[Collected data]
★ ★ ★

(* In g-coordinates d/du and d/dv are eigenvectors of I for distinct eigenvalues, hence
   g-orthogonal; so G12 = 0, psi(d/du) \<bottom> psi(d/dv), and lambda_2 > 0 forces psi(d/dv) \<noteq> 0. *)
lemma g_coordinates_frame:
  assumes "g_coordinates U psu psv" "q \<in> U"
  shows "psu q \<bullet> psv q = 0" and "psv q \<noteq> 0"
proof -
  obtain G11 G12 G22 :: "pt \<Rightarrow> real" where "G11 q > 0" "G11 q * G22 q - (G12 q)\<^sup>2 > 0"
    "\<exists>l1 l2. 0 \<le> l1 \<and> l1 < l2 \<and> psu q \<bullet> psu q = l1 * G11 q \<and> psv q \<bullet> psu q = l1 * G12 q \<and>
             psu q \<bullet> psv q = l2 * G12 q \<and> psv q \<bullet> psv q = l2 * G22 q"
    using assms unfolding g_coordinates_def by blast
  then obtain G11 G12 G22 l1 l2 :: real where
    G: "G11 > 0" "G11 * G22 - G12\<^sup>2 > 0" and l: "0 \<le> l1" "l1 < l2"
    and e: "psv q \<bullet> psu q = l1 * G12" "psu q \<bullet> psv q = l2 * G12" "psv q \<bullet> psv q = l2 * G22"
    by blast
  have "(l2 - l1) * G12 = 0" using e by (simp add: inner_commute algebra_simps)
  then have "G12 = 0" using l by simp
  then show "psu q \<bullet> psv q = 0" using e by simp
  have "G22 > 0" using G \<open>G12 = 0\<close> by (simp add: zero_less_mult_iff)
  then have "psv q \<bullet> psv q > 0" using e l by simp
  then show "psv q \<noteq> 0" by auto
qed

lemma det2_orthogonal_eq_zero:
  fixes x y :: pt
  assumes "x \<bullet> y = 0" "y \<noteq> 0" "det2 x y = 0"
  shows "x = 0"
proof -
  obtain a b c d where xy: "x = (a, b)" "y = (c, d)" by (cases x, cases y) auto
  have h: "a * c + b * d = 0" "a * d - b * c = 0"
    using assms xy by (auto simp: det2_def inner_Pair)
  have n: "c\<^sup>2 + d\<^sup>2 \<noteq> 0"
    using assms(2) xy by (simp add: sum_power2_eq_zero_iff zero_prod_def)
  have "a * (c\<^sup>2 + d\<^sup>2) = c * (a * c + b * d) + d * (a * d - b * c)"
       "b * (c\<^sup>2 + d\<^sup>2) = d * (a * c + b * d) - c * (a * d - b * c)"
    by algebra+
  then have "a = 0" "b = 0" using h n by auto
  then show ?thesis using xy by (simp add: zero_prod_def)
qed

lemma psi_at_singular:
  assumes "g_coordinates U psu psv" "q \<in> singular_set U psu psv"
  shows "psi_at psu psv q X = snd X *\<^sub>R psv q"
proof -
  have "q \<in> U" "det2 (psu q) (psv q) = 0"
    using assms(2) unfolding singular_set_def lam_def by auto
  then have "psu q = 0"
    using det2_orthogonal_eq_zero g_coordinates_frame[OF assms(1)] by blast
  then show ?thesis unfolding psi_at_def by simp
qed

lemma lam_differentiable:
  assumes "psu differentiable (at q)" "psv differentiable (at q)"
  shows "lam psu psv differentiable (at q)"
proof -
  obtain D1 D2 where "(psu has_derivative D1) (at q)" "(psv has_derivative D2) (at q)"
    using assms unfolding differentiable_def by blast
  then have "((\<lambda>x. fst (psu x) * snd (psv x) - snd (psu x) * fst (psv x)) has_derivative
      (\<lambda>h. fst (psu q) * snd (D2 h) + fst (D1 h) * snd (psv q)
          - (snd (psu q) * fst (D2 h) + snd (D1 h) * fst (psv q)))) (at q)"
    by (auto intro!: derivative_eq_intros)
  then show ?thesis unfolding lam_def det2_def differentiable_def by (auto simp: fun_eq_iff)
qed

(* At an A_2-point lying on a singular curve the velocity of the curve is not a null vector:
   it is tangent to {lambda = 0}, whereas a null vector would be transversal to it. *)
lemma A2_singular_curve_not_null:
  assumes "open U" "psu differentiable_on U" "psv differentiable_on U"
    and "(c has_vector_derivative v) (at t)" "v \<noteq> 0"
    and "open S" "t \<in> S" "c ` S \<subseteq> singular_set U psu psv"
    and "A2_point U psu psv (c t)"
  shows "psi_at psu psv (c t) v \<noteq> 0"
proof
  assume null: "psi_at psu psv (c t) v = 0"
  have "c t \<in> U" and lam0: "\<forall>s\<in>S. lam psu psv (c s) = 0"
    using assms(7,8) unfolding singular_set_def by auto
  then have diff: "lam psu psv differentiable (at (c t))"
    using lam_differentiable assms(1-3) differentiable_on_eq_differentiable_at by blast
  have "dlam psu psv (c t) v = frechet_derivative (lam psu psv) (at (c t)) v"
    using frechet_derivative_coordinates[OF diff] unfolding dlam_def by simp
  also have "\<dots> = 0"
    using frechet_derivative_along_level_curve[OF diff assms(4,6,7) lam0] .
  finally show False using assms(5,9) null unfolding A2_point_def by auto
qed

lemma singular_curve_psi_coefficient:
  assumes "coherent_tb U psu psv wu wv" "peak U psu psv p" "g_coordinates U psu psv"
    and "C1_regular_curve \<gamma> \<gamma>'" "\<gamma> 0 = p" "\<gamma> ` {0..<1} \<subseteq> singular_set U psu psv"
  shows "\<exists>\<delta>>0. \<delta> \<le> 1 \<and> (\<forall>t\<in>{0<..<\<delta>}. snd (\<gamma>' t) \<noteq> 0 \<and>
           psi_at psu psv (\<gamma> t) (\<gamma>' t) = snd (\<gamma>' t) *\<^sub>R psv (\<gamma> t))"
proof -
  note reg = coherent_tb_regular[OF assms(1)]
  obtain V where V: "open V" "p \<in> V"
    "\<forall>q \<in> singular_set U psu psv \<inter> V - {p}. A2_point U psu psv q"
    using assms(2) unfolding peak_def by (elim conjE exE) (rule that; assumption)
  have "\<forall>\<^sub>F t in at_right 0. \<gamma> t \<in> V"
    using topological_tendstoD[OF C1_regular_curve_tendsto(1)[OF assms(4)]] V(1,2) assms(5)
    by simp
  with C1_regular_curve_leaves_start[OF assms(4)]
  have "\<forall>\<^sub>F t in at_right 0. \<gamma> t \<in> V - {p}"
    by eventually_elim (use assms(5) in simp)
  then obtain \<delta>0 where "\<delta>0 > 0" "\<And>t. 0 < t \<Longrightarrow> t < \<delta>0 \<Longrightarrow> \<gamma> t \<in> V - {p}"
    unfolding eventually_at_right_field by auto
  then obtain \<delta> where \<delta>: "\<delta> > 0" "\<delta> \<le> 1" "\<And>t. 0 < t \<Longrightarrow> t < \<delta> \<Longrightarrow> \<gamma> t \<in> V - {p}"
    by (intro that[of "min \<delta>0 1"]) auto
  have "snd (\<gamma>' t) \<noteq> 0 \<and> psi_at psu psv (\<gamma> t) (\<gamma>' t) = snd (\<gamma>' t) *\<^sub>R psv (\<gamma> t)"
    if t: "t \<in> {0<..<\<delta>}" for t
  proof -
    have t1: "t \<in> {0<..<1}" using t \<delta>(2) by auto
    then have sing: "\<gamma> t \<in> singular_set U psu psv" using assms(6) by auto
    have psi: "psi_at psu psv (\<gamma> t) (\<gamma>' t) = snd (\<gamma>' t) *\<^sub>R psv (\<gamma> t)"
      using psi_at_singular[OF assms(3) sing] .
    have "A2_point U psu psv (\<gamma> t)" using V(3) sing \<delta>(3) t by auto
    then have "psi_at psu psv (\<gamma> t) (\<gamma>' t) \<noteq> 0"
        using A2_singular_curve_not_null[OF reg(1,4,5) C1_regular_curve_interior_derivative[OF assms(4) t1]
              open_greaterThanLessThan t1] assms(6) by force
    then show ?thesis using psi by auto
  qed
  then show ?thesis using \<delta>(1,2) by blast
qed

★ ★ ★

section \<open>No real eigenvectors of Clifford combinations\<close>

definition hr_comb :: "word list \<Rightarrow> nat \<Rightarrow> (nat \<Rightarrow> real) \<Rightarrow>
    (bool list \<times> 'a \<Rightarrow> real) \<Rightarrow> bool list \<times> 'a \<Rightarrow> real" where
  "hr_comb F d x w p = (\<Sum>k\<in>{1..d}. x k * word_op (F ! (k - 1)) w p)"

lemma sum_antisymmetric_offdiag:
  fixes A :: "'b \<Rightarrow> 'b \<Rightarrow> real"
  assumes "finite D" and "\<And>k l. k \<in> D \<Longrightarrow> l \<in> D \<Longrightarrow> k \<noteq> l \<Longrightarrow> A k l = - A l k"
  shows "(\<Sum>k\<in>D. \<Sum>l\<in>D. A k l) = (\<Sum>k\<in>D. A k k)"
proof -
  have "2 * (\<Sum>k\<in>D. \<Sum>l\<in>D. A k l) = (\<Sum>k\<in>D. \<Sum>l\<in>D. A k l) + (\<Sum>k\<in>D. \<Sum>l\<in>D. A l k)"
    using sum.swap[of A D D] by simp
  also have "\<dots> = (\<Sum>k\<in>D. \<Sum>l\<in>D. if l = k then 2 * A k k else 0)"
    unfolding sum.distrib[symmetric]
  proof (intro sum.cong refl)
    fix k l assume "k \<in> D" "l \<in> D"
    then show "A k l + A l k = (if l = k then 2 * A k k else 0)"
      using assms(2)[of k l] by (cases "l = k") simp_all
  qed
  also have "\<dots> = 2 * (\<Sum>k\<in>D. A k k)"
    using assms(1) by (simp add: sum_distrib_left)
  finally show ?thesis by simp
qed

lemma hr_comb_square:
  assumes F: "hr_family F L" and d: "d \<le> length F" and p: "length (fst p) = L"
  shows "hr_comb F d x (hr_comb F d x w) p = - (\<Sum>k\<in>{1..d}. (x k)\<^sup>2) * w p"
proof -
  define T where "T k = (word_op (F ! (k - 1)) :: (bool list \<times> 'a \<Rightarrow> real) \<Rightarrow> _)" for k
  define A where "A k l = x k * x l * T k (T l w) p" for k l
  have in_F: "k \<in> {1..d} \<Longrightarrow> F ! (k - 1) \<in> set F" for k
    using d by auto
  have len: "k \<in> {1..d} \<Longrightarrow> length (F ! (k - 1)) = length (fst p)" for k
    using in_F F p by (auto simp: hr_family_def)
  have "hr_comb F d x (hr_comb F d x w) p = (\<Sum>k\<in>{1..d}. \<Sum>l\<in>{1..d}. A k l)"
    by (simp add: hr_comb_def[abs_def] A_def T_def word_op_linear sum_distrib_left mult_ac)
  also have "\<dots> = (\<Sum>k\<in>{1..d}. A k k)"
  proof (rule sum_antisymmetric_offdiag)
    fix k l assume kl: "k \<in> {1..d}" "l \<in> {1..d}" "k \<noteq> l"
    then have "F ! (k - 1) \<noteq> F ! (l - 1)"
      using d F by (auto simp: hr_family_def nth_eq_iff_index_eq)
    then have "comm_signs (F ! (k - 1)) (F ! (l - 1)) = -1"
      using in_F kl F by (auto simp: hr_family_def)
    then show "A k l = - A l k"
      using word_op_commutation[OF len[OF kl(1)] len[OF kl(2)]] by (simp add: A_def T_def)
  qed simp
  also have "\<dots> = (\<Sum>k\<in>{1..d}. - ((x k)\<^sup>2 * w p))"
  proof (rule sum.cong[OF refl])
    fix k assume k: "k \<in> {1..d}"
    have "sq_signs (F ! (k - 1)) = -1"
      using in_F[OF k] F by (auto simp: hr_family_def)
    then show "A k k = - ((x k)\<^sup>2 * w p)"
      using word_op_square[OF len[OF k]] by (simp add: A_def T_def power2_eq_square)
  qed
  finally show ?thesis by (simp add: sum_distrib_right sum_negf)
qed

★ ★ ★

EXERCISE OBJECTIVE: Could you set down, exactly as written, the lines above between the one holding "unfolding sum.distrib[symmetric]" and the one holding "define A where", inclusive, and nothing more?

SOLUTION TO THE PROBLEM:
    unfolding sum.distrib[symmetric]
  proof (intro sum.cong refl)
    fix k l assume "k \<in> D" "l \<in> D"
    then show "A k l + A l k = (if l = k then 2 * A k k else 0)"
      using assms(2)[of k l] by (cases "l = k") simp_all
  qed
  also have "\<dots> = 2 * (\<Sum>k\<in>D. A k k)"
    using assms(1) by (simp add: sum_distrib_left)
  finally show ?thesis by simp
qed

lemma hr_comb_square:
  assumes F: "hr_family F L" and d: "d \<le> length F" and p: "length (fst p) = L"
  shows "hr_comb F d x (hr_comb F d x w) p = - (\<Sum>k\<in>{1..d}. (x k)\<^sup>2) * w p"
proof -
  define T where "T k = (word_op (F ! (k - 1)) :: (bool list \<times> 'a \<Rightarrow> real) \<Rightarrow> _)" for k
  define A where "A k l = x k * x l * T k (T l w) p" for k l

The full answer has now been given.